A simple approach is to select one outcome as a reference outcome and define a relative importance adjustment (ie, a multiplier) for each other outcome as a modifier to apply to effect estimates. In making individual patient-specific decisions, one could enter the quantitative estimates of relative importance for the individual patient and derive an individualised estimate of net effect. With further development, this approach could inform shared decision-making for individual patients.
For groups of patients, one could consider quantitative estimates of relative importance as ranges. In making population-specific recommendations, one could use a range of relative importance estimates considered reasonable to capture most members of the population and check for robustness of estimates of net effect across the range of relative importance. One would then lower the rating of certainty of net benefit if the estimate of net effect crosses to net harm within the range of relative importance. The later discussion of sensitivity analysis for the net effect estimate (step 6) will address the concepts of ranges and certainties of relative importance.

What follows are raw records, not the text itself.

lemma gdist_from_nonzero_ge:
  assumes "2 \<le> n" "K \<ge> 1" "\<alpha> < n" "\<alpha> \<noteq> 0" "b < n" "x \<in> verts n K" "z \<in> verts n K"
  defines "c \<equiv> gdist n K x (root K)" and "e \<equiv> setdist n K x (periph n K)"
  shows "(if b = \<alpha> then gdist n K x z
          else if b = 0 then e + 1 + gdist n K (root K) z
          else min (e + 2 + setdist n K z (periph n K)) (c + 1 + gdist n K (root K) z))
         \<le> gdist n (Suc K) (\<alpha> # x) (b # z)"
proof -
  have root: "root K \<in> verts n K"
    using assms(1) root_in_verts by simp
  have "c \<le> e + 1" "e \<le> c + 1"
    unfolding c_def e_def
    using gdist_root_le_setdist setdist_le_gdist_root assms(1,2,6) by auto
  moreover have "gdist n K x p \<le> c + 1" "e \<le> gdist n K x p" if "p \<in> periph n K" for p
    unfolding c_def e_def using gdist_periph_le_gdist_root setdist_le assms(2,6) that by auto
  ultimately show ?thesis
    using le_gdist_Cons_if_step_le[OF assms(2,3,5,6,7), where
        G = "\<lambda>b z. if b = \<alpha> then gdist n K x z
             else if b = 0 then e + 1 + gdist n K (root K) z
             else min (e + 2 + setdist n K z (periph n K)) (c + 1 + gdist n K (root K) z)"]
      gdist_step[OF assms(6)] gdist_step[OF root] setdist_step[OF assms(1)] setdist_periph
      assms(4)
    by (fastforce simp: gdist_self c_def)
qed

lemma gdist_Cons_same:
  assumes "2 \<le> n" "K \<ge> 1" "\<alpha> < n" "x \<in> verts n K" "y \<in> verts n K"
  shows "gdist n (Suc K) (\<alpha> # x) (\<alpha> # y) = gdist n K x y"
proof (rule antisym)
  show "gdist n (Suc K) (\<alpha> # x) (\<alpha> # y) \<le> gdist n K x y"
    using gdist_Cons_le assms(2-5) .
  show "gdist n K x y \<le> gdist n (Suc K) (\<alpha> # x) (\<alpha> # y)"
    using gdist_from_zero_ge[OF assms(1,2,3,4,5)] gdist_from_nonzero_ge[OF assms(1,2,3) _ assms(3,4,5)]
    by (cases "\<alpha> = 0") auto
qed
(* Let $\mathscr Q_n$ be a non-singular quadric in $\mathrm{PG}(n,2)$ of projective index $g\geq1$, let $\Gamma$ be its point-graph, and for $0\le s<g$ let $\Gamma_s$ be the graph constructed from an $s$-dimensional subspace $\alpha_s$ contained in $\mathscr Q_n$ as described below. Then $\Gamma_s$ is isomorphic to $\Gamma$ if and only if $s=0$.
   Context: A non-singular quadric $\mathscr Q_n$ in $\mathrm{PG}(n,2)$ is the point set of a non-degenerate quadric; its projective index $g$ is the largest dimension of a projective subspace contained in $\mathscr Q_n$. The point-graph $\Gamma$ has vertex set the points of $\mathscr Q_n$, two distinct points adjacent iff the line joining them is contained in $\mathscr Q_n$. For $0\le s<g$ and an $s$-dimensional subspace $\alpha_s\subseteq\mathscr Q_n$: a point $X$ of $\mathscr Q_n$ has type (i) if $X\in\alpha_s$; type (ii) if $X\notin\alpha_s$ and $\langle\alpha_s,X\rangle\subseteq\mathscr Q_n$; type (iii) otherwise. Let $\mathcal X_s$ be the type (ii) points and $\mathcal Y_s$ the points of type (i) or (iii). The graph $\Gamma_s$ has the same vertex set as $\Gamma$ and the same edges, except that for each vertex $R\in\mathcal Y_s$ having exactly $\frac12|\mathcal X_s|$ neighbours in $\mathcal X_s$ (in $\Gamma$), those edges are deleted and $R$ is joined instead to the other $\frac12|\mathcal X_s|$ vertices of $\mathcal X_s$. *)

theory Defs
  imports Main "HOL-Library.Z2"
begin

(* Vectors of GF(2)^{n+1}: functions nat => bit supported on {0..n}.
   Over GF(2) each point of PG(n,2) has exactly one nonzero representative. *)
definition vecs :: "nat \<Rightarrow> (nat \<Rightarrow> bit) set" where
  "vecs n = {x. \<forall>i>n. x i = 0}"

definition pg_points :: "nat \<Rightarrow> (nat \<Rightarrow> bit) set" where
  "pg_points n = {x \<in> vecs n. x \<noteq> (\<lambda>_. 0)}"

definition vadd :: "(nat \<Rightarrow> bit) \<Rightarrow> (nat \<Rightarrow> bit) \<Rightarrow> (nat \<Rightarrow> bit)" where
  "vadd x y = (\<lambda>i. x i + y i)"

definition qform :: "nat \<Rightarrow> (nat \<Rightarrow> nat \<Rightarrow> bit) \<Rightarrow> (nat \<Rightarrow> bit) \<Rightarrow> bit" where
  "qform n a x = (\<Sum>i\<in>{0..n}. \<Sum>j\<in>{i..n}. a i j * x i * x j)"

definition bform :: "nat \<Rightarrow> (nat \<Rightarrow> nat \<Rightarrow> bit) \<Rightarrow> (nat \<Rightarrow> bit) \<Rightarrow> (nat \<Rightarrow> bit) \<Rightarrow> bit" where
  "bform n a x y = qform n a (vadd x y) - qform n a x - qform n a y"

definition quadric :: "nat \<Rightarrow> (nat \<Rightarrow> nat \<Rightarrow> bit) \<Rightarrow> (nat \<Rightarrow> bit) set" where
  "quadric n a = {x \<in> pg_points n. qform n a x = 0}"

definition nonsingular :: "nat \<Rightarrow> (nat \<Rightarrow> nat \<Rightarrow> bit) \<Rightarrow> bool" where
  "nonsingular n a \<longleftrightarrow>
     \<not> (\<exists>v \<in> pg_points n. qform n a v = 0 \<and> (\<forall>w \<in> vecs n. bform n a v w = 0))"

(* projective subspace of PG(n,2): nonempty set of points closed under sums of distinct points
   (i.e. the nonzero vectors of a nonzero linear subspace) *)
definition proj_subspace :: "nat \<Rightarrow> (nat \<Rightarrow> bit) set \<Rightarrow> bool" where
  "proj_subspace n S \<longleftrightarrow> S \<subseteq> pg_points n \<and> S \<noteq> {} \<and>
     (\<forall>x\<in>S. \<forall>y\<in>S. x \<noteq> y \<longrightarrow> vadd x y \<in> S)"

definition subspace_of_dim :: "nat \<Rightarrow> nat \<Rightarrow> (nat \<Rightarrow> bit) set \<Rightarrow> bool" where
  "subspace_of_dim n d S \<longleftrightarrow> proj_subspace n S \<and> card S = 2 ^ (d + 1) - 1"

definition proj_index :: "nat \<Rightarrow> (nat \<Rightarrow> nat \<Rightarrow> bit) \<Rightarrow> nat" where
  "proj_index n a = (GREATEST d. \<exists>S. subspace_of_dim n d S \<and> S \<subseteq> quadric n a)"

(* point-graph adjacency: distinct points whose joining line {P,R,P+R} lies on the quadric *)
definition qadj :: "nat \<Rightarrow> (nat \<Rightarrow> nat \<Rightarrow> bit) \<Rightarrow> (nat \<Rightarrow> bit) \<Rightarrow> (nat \<Rightarrow> bit) \<Rightarrow> bool" where
  "qadj n a P R \<longleftrightarrow> P \<in> quadric n a \<and> R \<in> quadric n a \<and> P \<noteq> R \<and>
     {P, R, vadd P R} \<subseteq> quadric n a"
(* For all $n\ge1$, $$\varphi_n=2(n-1)H_n+2P_n,\qquad \theta_n=(2n-1)P_n.$$
   Context: Let $s=\sqrt3/2$. Consider the standard triangular lattice in the plane whose vertices are the points $(a+b/2,\,bs)$ with $a,b\in\mathbb Z$ and whose edges are the unit segments joining lattice points in the directions $0^\circ,60^\circ,120^\circ$; it divides the plane into unit equilateral triangles called cells. A small tile is a single cell; a large tile is an equilateral triangle of side $2$ whose vertices are lattice points (so it is a union of $4$ cells; it may point up or down). For a region $R$ that is a finite union of cells, a tiling of $R$ is a finite set of small and large tiles, each contained in $R$, with pairwise disjoint interiors and union equal to $R$. For $n\ge1$, the region $H_n$ is the union of the trapezoid with vertices $(0,0),(n,0),(n-\tfrac12,s),(\tfrac12,s)$ and the trapezoid with vertices $(\tfrac12,s),(n-\tfrac12,s),(n,2s),(0,2s)$ ($4n-2$ cells; for $n=1$ two unit triangles meeting at a point), and $P_n$ is $H_n$ with the cell with vertices $(n-1,0),(n,0),(n-\tfrac12,s)$ removed. $H_n$ and $P_n$ also denote the numbers of tilings of these regions; thus $H_n=\frac{(1+\sqrt2)^n+(1-\sqrt2)^n}{2}$ and $P_n=\frac{(1+\sqrt2)^n-(1-\sqrt2)^n}{2\sqrt2}$. Define $\varphi_n$ (resp. $\theta_n$) as the sum, over all tilings of $H_n$ (resp. $P_n$), of the number of small tiles in the tiling. *)

theory Defs
  imports Main
begin

text \<open>Lattice coordinates: the lattice point (a,b) :: int * int is the plane point
  (a + b/2, b*sqrt 3/2).  A cell is encoded as (a, b, True) for the upward cell with
  vertices (a,b), (a+1,b), (a,b+1), and (a, b, False) for the downward cell with
  vertices (a+1,b), (a,b+1), (a+1,b+1).  Every cell arises exactly once this way.\<close>

type_synonym cell = "int \<times> int \<times> bool"

definition small_tile :: "cell \<Rightarrow> cell set" where
  "small_tile c = {c}"

text \<open>Large upward tile with vertices (a,b), (a+2,b), (a,b+2).\<close>
definition large_up :: "int \<Rightarrow> int \<Rightarrow> cell set" where
  "large_up a b = {(a,b,True), (a+1,b,True), (a,b+1,True), (a,b,False)}"

text \<open>Large downward tile with vertices (a+2,b), (a,b+2), (a+2,b+2).\<close>
definition large_down :: "int \<Rightarrow> int \<Rightarrow> cell set" where
  "large_down a b = {(a+1,b,False), (a,b+1,False), (a+1,b+1,False), (a+1,b+1,True)}"

definition tiles :: "cell set set" where
  "tiles = range small_tile \<union> {large_up a b | a b. True} \<union> {large_down a b | a b. True}"
(* Assume $f$ is odd. Then the representation $\operatorname{Ind}_{C_6\rtimes\mathbb{Z}}^{Q\rtimes\mathbb{Z}}\phi_2$ is irreducible, and there exists a surjective homomorphism of $Q\rtimes\mathbb{Z}$-representations \[ \Psi\colon \operatorname{Ind}_{C}^{Q\rtimes\mathbb{Z}}\phi_1\longrightarrow \operatorname{Ind}_{C_6\rtimes\mathbb{Z}}^{Q\rtimes\mathbb{Z}}\phi_2 . \]
   Context: All representations are over $\overline{\mathbb{Q}}_\ell$, $\ell$ an odd prime. Let $q=2^f$. Let $Q=\{g(\alpha,\beta,\gamma)\}\subset \mathit{GL}_3(\mathbb{F}_4)$ be the group of upper triangular matrices $g(\alpha,\beta,\gamma)=\begin{pmatrix}\alpha&\beta&\gamma\\0&\alpha^2&\beta^2\\0&0&\alpha\end{pmatrix}$ with $\alpha\in\mathbb{F}_4^\times$, $\beta,\gamma\in\mathbb{F}_4$ and $\alpha\gamma^2+\alpha^2\gamma=\beta^3$ (a group of order 24). Let $Q\rtimes\mathbb{Z}$ be the semidirect product where $r\in\mathbb{Z}$ acts on $Q$ by $g(\alpha,\beta,\gamma)\mapsto g(\alpha^{q^r},\beta^{q^r},\gamma^{q^r})$. Fix $\bar\zeta_3\in\mathbb{F}_4\setminus\mathbb{F}_2$. Let $Q_8=\{g(1,\beta,\gamma)\in Q\}$; let $C_4\subset Q_8$ be the cyclic subgroup of order 4 generated by $g(1,1,\bar\zeta_3)$; let $Z=\{g(1,0,0),g(1,0,1)\}$ (the center of $Q$); let $C_3=\{g(\alpha,0,0)\}$ and $C_6=Z\times C_3$. Fix a faithful character $\phi$ of $C_4$ and a square root $(-2)^{1/2}\in\overline{\mathbb{Q}}_\ell$; write $(-2)^{m/2}=((-2)^{1/2})^m$. Let $C\subset Q_8\rtimes\mathbb{Z}$ be the subgroup of $(g,n)$ with $g\in C_4$ if $n$ is even and $g\in Q_8\setminus C_4$ if $n$ is odd. Fix $\eta\in\overline{\mathbb{Q}}_\ell$ with $\eta^2+(-2)^{(f+1)/2}\eta+q=0$. Let $\phi_1$ be the character of $C$ with $\phi_1((g(1,\bar\zeta_3,\bar\zeta_3),1))=\eta q^{-1}$ and $\phi_1((g(1,0,0),2))=-q^{-1}$ (these two elements generate $C$). Let $\phi_2$ be the character of $C_6\rtimes\mathbb{Z}$ with $\phi_2|_{C_6}=\phi|_Z\otimes 1_{C_3}$ and $\phi_2((g(1,0,0),1))=(-2)^{f/2}q^{-1}$. *)

theory Defs
  imports "HOL-Computational_Algebra.Polynomial"
begin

Methods to determine quantitative estimates of relative importance from a patient perspective include discrete-choice experiments,15 preference-eliciting surveys among patients16 and systematic reviews of such surveys.17 Determination of relative importance could provide an opportunity for engaging patients as partners in research design, a developing expectation in medical publishing.18 When such evidence is unavailable for the outcomes associated with a recommendation, guideline panels can still explicitly make best guesses of the importance the target population will place on the relevant outcomes. Further discussion of the methods for determining relative importance is beyond the scope of this paper.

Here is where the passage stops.